The secretary/nurse shuffled over to us, and raised an eyebrow to ask, “what’s the problem,” because speaking would have clearly exhausted her. “Allergic reaction,” he said. She plopped into a chair and entered his information into the computer while she smacked her bubble-gum and chatted with some guy hanging out by the desk. Then she stood up so lazily that it seemed like her body was covered in weights and dragged herself three feet to us where she tossed a machine at Francesco. “Sigh. Put this on your finger to check your blood pressure.” She stood there while hd did was he was told, chewing her cud, hand on hip doing the “little tea pot” while she counted dots on the ceiling. “Your pressure is normal.” She said before flopping herself back into her chair, exhaling wildly. She tilted her head to me and said, “you wait outside.” I looked at Francesco who was nervously rolling his tongue between his teeth trying to itch it. A nurse next to us slowly covered a few  stretches with new sheets at the rate of a snail making it’s way across a sidewalk. He sang loudly and passionately to himself. The long line of people on the stretches hadn’t moved and I started to wonder if they were actually dead but hadn’t been removed because it would be too much work.

I walked to the car where I waited with Oliver for TWO HOURS before Francesco came outside. I spent most of that time taking a lot of Instagram photos of myself and Oliver with Francesco’s account, and trying not to pee my pants (there were no public bathrooms for miles). I sat forward, backwards, sang, unzipped my pants, and at one point even looked for a bottle to pee in. It was a frustrating two hours. When he emerged he said they gave him a cortisone shot and told him he’d be fine. The next time it happens to take a Benedryl.

F: The hospital here is scary.

Me: Totally is the scariest hospital like ever.

F: Yep. That’s Italy for you.

Me: How much was it?

F: Free. All free.

Me: Well, at least there is that.

F: But it’s better in the US.

Me: Our hospitals are faster but we pay a fortune for it. And I don’t have insurance because I have a pre-existing condition so nobody wants to take my business. So, if I were you I would have had to go into debt a few thousand or just hope I didn’t die.

F: Oh. Well, that’s scary.

Me: No help is much scarier than shitty help.

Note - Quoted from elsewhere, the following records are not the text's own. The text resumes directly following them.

lemma is_pow2_between_eq:
  assumes "is_pow2 x" "2 ^ k \<le> x" "x < 2 ^ Suc k"
  shows "x = 2 ^ k"
proof -
  obtain j where j: "x = 2 ^ j" using assms(1) unfolding is_pow2_def by blast
  have "k \<le> j" using assms(2) j by simp
  moreover have "(2::nat) ^ j < 2 ^ Suc k" using assms(3) j by simp
  then have "j < Suc k" by (rule power_less_imp_less_exp[rotated]) simp
  ultimately show ?thesis using j by simp
qed

lemma balanced_colless_add_between:
  assumes "is_pow2 a \<or> is_pow2 b"
    and "2 ^ k \<le> a" "a \<le> 2 ^ Suc k" "2 ^ k \<le> b" "b \<le> 2 ^ Suc k"
  shows "balanced_colless (a + b) = absdiff a b + balanced_colless a + balanced_colless b"
proof -
  have pow2_add: "balanced_colless (p + c) = absdiff p c + balanced_colless p + balanced_colless c"
    if p: "is_pow2 p" and range: "2 ^ k \<le> p" "p \<le> 2 ^ Suc k" "2 ^ k \<le> c" "c \<le> 2 ^ Suc k"
    for p c
  proof -
    obtain j where j: "p = 2 ^ j" using p unfolding is_pow2_def by blast
    have "p \<le> 2 * c" "c \<le> 2 * p" using range by simp_all
    then show ?thesis using j balanced_colless_pow2_add by simp
  qed
  show ?thesis
    using assms pow2_add pow2_add[of b a] by (auto simp: add.commute absdiff_commute)
qed

section \<open>Runs of the greedy procedure\<close>

lemma multiset_remove_two:
  "u \<in># M \<Longrightarrow> v \<in># M - {#u#} \<Longrightarrow> M = add_mset u (add_mset v (M - {#u#} - {#v#}))"
  by (metis insert_DiffM)

lemma multiset_ex_min:
  fixes f :: "'a \<Rightarrow> nat"
  assumes "M \<noteq> {#}"
  shows "\<exists>u\<in>#M. \<forall>w\<in>#M. f u \<le> f w"
proof -
  obtain x where "x \<in># M" using assms by blast
  then show ?thesis using ex_has_least_nat[of "\<lambda>w. w \<in># M" x f] by blast
qed
lemma expect_Max_positive_row_sums_le:
  assumes R: "finite R" and J0: "finite J0" and p: "0 \<le> p" "p \<le> 1"
  shows "subset_expect R p (\<lambda>Q. MAX J\<in>Pow J0. \<Sum>i\<in>Q. max 0 (\<Sum>j\<in>J. M i j))
    \<le> p * cut_norm_on R J0 M + 2 * sqrt p * col_norm_on R J0 M"
proof -
  define t where "t J i = (\<Sum>j\<in>J. M i j)" for J i
  have S: "finite (Pow J0)" "Pow J0 \<noteq> {}" using J0 by auto
  have lip: "\<bar>max 0 x - max 0 y\<bar> \<le> \<bar>x - y\<bar>" for x y :: real by auto
  have centre: "(MAX J\<in>Pow J0. \<Sum>i\<in>Q. max 0 (t J i))
      \<le> p * cut_norm_on R J0 M + (MAX J\<in>Pow J0. centred_sum R p Q (\<lambda>i. max 0 (t J i)))"
    if "Q \<subseteq> R" for Q
  proof (rule Max.boundedI)
    fix x assume "x \<in> (\<lambda>J. \<Sum>i\<in>Q. max 0 (t J i)) ` Pow J0"
    then obtain J where J: "J \<subseteq> J0" and x: "x = (\<Sum>i\<in>Q. max 0 (t J i))" by auto
    have "x = p * (\<Sum>i\<in>R. max 0 (t J i)) + centred_sum R p Q (\<lambda>i. max 0 (t J i))"
      using R that unfolding x centred_sum_def
      by (simp add: algebra_simps sum_distrib_left sum_subtractf Int_absorb1 Int_def[symmetric])
    also have "\<dots> \<le> p * cut_norm_on R J0 M + (MAX J\<in>Pow J0. centred_sum R p Q (\<lambda>i. max 0 (t J i)))"
      using sum_positive_parts_le_cut_norm_on[OF R J0 J] p J S unfolding t_def
      by (intro add_mono mult_left_mono Max_ge) auto
    finally show "x \<le> \<dots>" .
  qed (use S in auto)
  have "subset_expect R p (\<lambda>Q. MAX J\<in>Pow J0. \<Sum>i\<in>Q. max 0 (t J i))
      \<le> subset_expect R p (\<lambda>Q. p * cut_norm_on R J0 M
        + (MAX J\<in>Pow J0. centred_sum R p Q (\<lambda>i. max 0 (t J i))))"
    using p centre by (intro subset_expect_mono)
  also have "\<dots> = p * cut_norm_on R J0 M
        + subset_expect R p (\<lambda>Q. MAX J\<in>Pow J0. centred_sum R p Q (\<lambda>i. max 0 (t J i)))"
    using R by (simp only: subset_expect_add subset_expect_const)
  also have "\<dots> \<le> p * cut_norm_on R J0 M
        + subset_expect R p (\<lambda>Q. subset_expect R p (\<lambda>Q'. MAX J\<in>Pow J0. symm_sum R Q Q' (t J)))"
    using contraction_principle[OF R S p lip, of "\<lambda>_. 0" t] by simp
  also have "\<dots> \<le> p * cut_norm_on R J0 M
        + (\<Sum>j\<in>J0. subset_expect R p (\<lambda>Q. subset_expect R p (\<lambda>Q'. \<bar>symm_sum R Q Q' (\<lambda>i. M i j)\<bar>)))"
    unfolding t_def subset_expect_sum[symmetric] using p Max_symm_sum_le_sum_abs[OF J0]
    by (intro add_left_mono subset_expect_mono)
  also have "\<dots> \<le> p * cut_norm_on R J0 M + 2 * sqrt p * col_norm_on R J0 M"
    unfolding col_norm_on_def sum_distrib_left
    using expect_abs_symm_sum_le[OF R p] by (intro add_left_mono sum_mono) auto
  finally show ?thesis unfolding t_def .
qed
lemma convex_le_Max_Vtx:
  assumes u: "graph_convex V E l u" and p: "p \<in> \<Gamma>"
  shows "u p \<le> Max ((\<lambda>a. u (Vtx a)) ` V)"
proof (cases p)
  case (Vtx a)
  then show ?thesis using p finite_V by auto
next
  case (Edg e t)
  let ?m = "Max ((\<lambda>a. u (Vtx a)) ` V)"
  let ?v = "fst e"
  have h: "incident e ?v" "edge_at e ?v t = p" "0 < t" "t < l e"
    using Edg_eq_edge_at p Edg by auto
  have "u p = u (edge_at e ?v t)" using h by simp
  also have "\<dots> \<le> (l e - t) / (l e - 0) * u (edge_at e ?v 0) + (t - 0) / (l e - 0) * u (edge_at e ?v (l e))"
    using h by (intro convex_along_edge[OF u h(1)]) auto
  also have "\<dots> = (l e - t) / l e * u (Vtx ?v) + t / l e * u (Vtx (other_end e ?v))"
    using edge_at_0[OF h(1)] edge_at_length[OF h(1)] by simp
  also have "\<dots> \<le> ?m"
    using incident_in_V[OF h(1)] finite_V h(3,4)
    by (intro convex_bound_le) (auto simp: field_simps)
  finally show ?thesis .
qed

text \<open>Since z \<noteq> y, the convexity inequality at z gives u x a positive weight.\<close>

lemma convex_max_at_geodesic_endpoint:
  assumes u: "graph_convex V E l u" and ub: "\<forall>p\<in>\<Gamma>. u p \<le> m"
    and x: "x \<in> \<Gamma>" and y: "y \<in> \<Gamma>" and "x \<noteq> y" and geo: "on_geodesic V E l x y z"
    and "z \<noteq> y" and "u z = m"
  shows "u x = m"
proof -
  define \<alpha> \<beta> where "\<alpha> = \<rho> y z / \<rho> x y" and "\<beta> = \<rho> x z / \<rho> x y"
  have z: "z \<in> \<Gamma>" using geo unfolding on_geodesic_def by auto
  have "\<alpha> > 0" "\<beta> \<ge> 0"
    using gdist_pos[OF y z] gdist_pos[OF x y] gdist_nonneg[OF x z] \<open>x \<noteq> y\<close> \<open>z \<noteq> y\<close>
    unfolding \<alpha>_def \<beta>_def by auto
  have "\<alpha> + \<beta> = 1"
    using geo gdist_sym[OF z y] gdist_pos[OF x y] \<open>x \<noteq> y\<close>
    unfolding on_geodesic_def \<alpha>_def \<beta>_def by (simp add: field_simps)
  have "m \<le> \<alpha> * u x + \<beta> * u y"
    using u x y \<open>x \<noteq> y\<close> geo \<open>u z = m\<close> unfolding graph_convex_def \<alpha>_def \<beta>_def by blast
  also have "\<dots> \<le> \<alpha> * u x + \<beta> * m"
    using ub y \<open>\<beta> \<ge> 0\<close> by (simp add: mult_left_mono)
  finally have "(\<alpha> + \<beta>) * m \<le> \<alpha> * u x + \<beta> * m"
    using \<open>\<alpha> + \<beta> = 1\<close> by simp
  then have "\<alpha> * m \<le> \<alpha> * u x"
    by (simp add: distrib_right)
  then show ?thesis using \<open>\<alpha> > 0\<close> ub x by (simp add: order_antisym)
qed

text \<open>At a non-terminal vertex v there is a second edge, and v is the midpoint of the geodesic
  joining the points at distance \<delta> from v on the two edges.\<close>

lemma convex_max_spreads_from_nonterminal:
  assumes u: "graph_convex V E l u" and ub: "\<forall>p\<in>\<Gamma>. u p \<le> m"
    and v: "v \<in> V" "u (Vtx v) = m" "\<not> terminal V E v" and e: "incident e v"
    and \<sigma>: "0 < \<sigma>" "\<sigma> \<le> l e"
  shows "u (edge_at e v \<sigma>) = m"
proof -
  obtain e' where e': "incident e' v" "e' \<noteq> e"
    using obtain_other_incident[OF v(1,3) e] .
  define \<delta> where "\<delta> = min \<sigma> (min (l e) (l e') / 2) / 2"
  have \<delta>: "0 < \<delta>" "\<delta> < \<sigma>" "2 * \<delta> \<le> l e" "2 * \<delta> \<le> l e'"
    using \<sigma> incident_length_pos[OF e] incident_length_pos[OF e'(1)] unfolding \<delta>_def by auto
  let ?x = "edge_at e v \<delta>" and ?y = "edge_at e' v \<delta>"
  have P: "?x \<in> \<Gamma>" "?y \<in> \<Gamma>" "edge_at e v \<sigma> \<in> \<Gamma>" "Vtx v \<in> \<Gamma>"
    using edge_at_in_points[OF e] edge_at_in_points[OF e'(1)] \<delta> \<sigma> v(1) by auto
  have "\<rho> ?x ?y = 2 * \<delta>"
    using gdist_edge_at_across[OF e e'(1)] e'(2) \<delta> by auto
  moreover have "\<rho> ?x (Vtx v) = \<delta>" "\<rho> (Vtx v) ?y = \<delta>"
    using gdist_edge_at[OF e, of \<delta> 0] gdist_edge_at[OF e'(1), of 0 \<delta>] \<delta>
    by (auto simp: edge_at_0[OF e] edge_at_0[OF e'(1)])
  ultimately have "on_geodesic V E l ?x ?y (Vtx v)" "?x \<noteq> ?y" "Vtx v \<noteq> ?y"
    using P gdist_self \<delta>(1) unfolding on_geodesic_def by auto
  then have "u ?x = m"
    using convex_max_at_geodesic_endpoint[OF u ub P(1,2)] v(2) by blast
  have "on_geodesic V E l (edge_at e v \<sigma>) (edge_at e v 0) ?x"
    using \<delta> \<sigma> by (intro on_geodesic_edge_at[OF e]) auto
  moreover have "?x \<noteq> edge_at e v 0" "edge_at e v \<sigma> \<noteq> edge_at e v 0"
    using gdist_edge_at[OF e, of \<delta> 0] gdist_edge_at[OF e, of \<sigma> 0] gdist_self P \<delta> \<sigma> by force+
  ultimately show ?thesis
    using convex_max_at_geodesic_endpoint[OF u ub P(3)] \<open>u ?x = m\<close> edge_at_0[OF e] P(4) by metis
qed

While this post probably sounds like I hate socialized medicine but it’s actually the opposite. All of the republicans are throwing up their hands right now, I know guys, sorry, I am a fan of socialized medicine and here is why: The public facilities might not be the best care in the world but at least everyone is entitled to it. If you have extra money you can go to a private facility that is excellent and top-of-the-line but if you’re middle-class like the rest of us at least the government won’t let you die or take your house away in return for ER payment. It doesn’t happen, you say? I have a friend who is a fashion designer. A few years ago she was teaching part-time at a community college and running her business on the side. She went on vacation, went hiking, slipped and fell onto cliffs and broke her back. She’s twenty-seven years old. She had to be flight-lifted to the ER. She owes nearly ONE MILLION DOLLARS because she couldn’t afford health insurance at the time. Her entire life will be spent paying off that debt. In Italy her care would have been a little ghetto, but she would have lived, and she could spend her life building her business and being a stand-up citizen by buying a house and a car and putting money into her company. An accident that doesn’t kill you shouldn’t cost you the rest of your life.